Robert Service in Science:
Humanity has a data storage problem: More data were created in the past 2 years than in all of preceding history. And that torrent of information may soon outstrip the ability of hard drives to capture it. Now, researchers report that they’ve come up with a new way to encode digital data in DNA to create the highest-density large-scale data storage scheme ever invented. Capable of storing 215 petabytes (215 million gigabytes) in a single gram of DNA, the system could, in principle, store every bit of datum ever recorded by humans in a container about the size and weight of a couple of pickup trucks. But whether the technology takes off may depend on its cost. DNA has many advantages for storing digital data. It’s ultracompact, and it can last hundreds of thousands of years if kept in a cool, dry place.
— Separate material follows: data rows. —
lemma lincomb_pivot:
  assumes "finite J" "\<And>j l. j \<in> J \<Longrightarrow> l \<in> J \<Longrightarrow> v j l = (if j = l then 1 else 0)" "l \<in> J"
  shows "lincomb J \<alpha> v l = \<alpha> l"
proof -
  have "lincomb J \<alpha> v l = (\<Sum>j\<in>J. if j = l then \<alpha> j else 0)"
    unfolding lincomb_def using assms(2,3) by (intro sum.cong) auto
  thus ?thesis using assms(1,3) by simp
qed

lemma lin_indep_pivot:
  assumes "finite J" "J \<subseteq> {..<n}" "\<And>j l. j \<in> J \<Longrightarrow> l \<in> J \<Longrightarrow> v j l = (if j = l then 1 else 0)"
  shows "lin_indep n J v"
proof (rule lin_indepI)
  fix \<alpha> l assume zero: "\<And>i. i < n \<Longrightarrow> lincomb J \<alpha> v i = 0" and "l \<in> J"
  have "\<alpha> l = lincomb J \<alpha> v l" by (rule lincomb_pivot[OF assms(1,3) \<open>l \<in> J\<close>, symmetric])
  also have "\<dots> = 0" using assms(2) \<open>l \<in> J\<close> by (intro zero) auto
  finally show "\<alpha> l = 0" .
qed

lemma not_lin_indep_if_card_gt:
  assumes "finite J" "n < card J"
  shows "\<not> lin_indep n J v"
  using assms
proof (induct n arbitrary: J v)
  case 0
  then obtain j where "j \<in> J" by fastforce
  thus ?case unfolding lin_indep_def by (auto intro!: exI[of _ "\<lambda>_. 1"])
next
  case (Suc n)
  show ?case
  proof (cases "\<exists>j\<in>J. v j n \<noteq> 0")
    case False
    have "\<not> lin_indep n J v" using Suc by simp
    thus ?thesis using False unfolding lin_indep_def lincomb_def by (auto simp: less_Suc_eq)
  next
    case True
    then obtain j0 where j0: "j0 \<in> J" "v j0 n \<noteq> 0" by blast
    \<comment> \<open>Gaussian elimination of coordinate \<open>n\<close> by the vector \<open>v j0\<close>\<close>
    define J' where "J' = J - {j0}"
    define w where "w j i = v j i - v j n / v j0 n * v j0 i" for j i
    have "\<not> lin_indep n J' w"
      by (rule Suc.hyps) (use Suc.prems j0 in \<open>auto simp: J'_def\<close>)
    then obtain \<gamma> j where \<gamma>: "\<forall>i<n. lincomb J' \<gamma> w i = 0" "j \<in> J'" "\<gamma> j \<noteq> 0"
      unfolding lin_indep_def by blast
    define \<gamma>' where "\<gamma>' = \<gamma>(j0 := - lincomb J' \<gamma> v n / v j0 n)"
    have "lincomb J \<gamma>' v i = lincomb J' \<gamma> w i" for i
    proof -
      have "lincomb J \<gamma>' v i = \<gamma>' j0 * v j0 i + lincomb J' \<gamma> v i"
        unfolding lincomb_def J'_def \<gamma>'_def using j0 Suc.prems(1)
        by (simp add: sum.remove[of J j0])
      also have "\<dots> = lincomb J' \<gamma> w i"
        unfolding lincomb_def w_def \<gamma>'_def
        by (simp add: right_diff_distrib sum_subtractf sum_distrib_right sum_divide_distrib mult.assoc)
      finally show ?thesis .
    qed
    moreover have "lincomb J' \<gamma> w n = 0" unfolding lincomb_def w_def using j0 by simp
    ultimately have "\<forall>i<Suc n. lincomb J \<gamma>' v i = 0" using \<gamma>(1) by (auto simp: less_Suc_eq)
    moreover have "j \<in> J" "\<gamma>' j \<noteq> 0" using \<gamma> unfolding J'_def \<gamma>'_def by auto
    ultimately show ?thesis unfolding lin_indep_def by blast
  qed
qed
And as long as human societies are reading and writing DNA, they will be able to decode it. “DNA won’t degrade over time like cassette tapes and CDs, and it won’t become obsolete,” says Yaniv Erlich, a computer scientist at Columbia University. And unlike other high-density approaches, such as manipulating individual atoms on a surface, new technologies can write and read large amounts of DNA at a time, allowing it to be scaled up.
Scientists have been storing digital data in DNA since 2012. That was when Harvard University geneticists George Church, Sri Kosuri, and colleagues encoded a 52,000-word book in thousands of snippets of DNA, using strands of DNA’s four-letter alphabet of A, G, T, and C to encode the 0s and 1s of the digitized file. Their particular encoding scheme was relatively inefficient, however, and could store only 1.28 petabytes per gram of DNA. Other approaches have done better. But none has been able to store more than half of what researchers think DNA can actually handle, about 1.8 bits of data per nucleotide of DNA.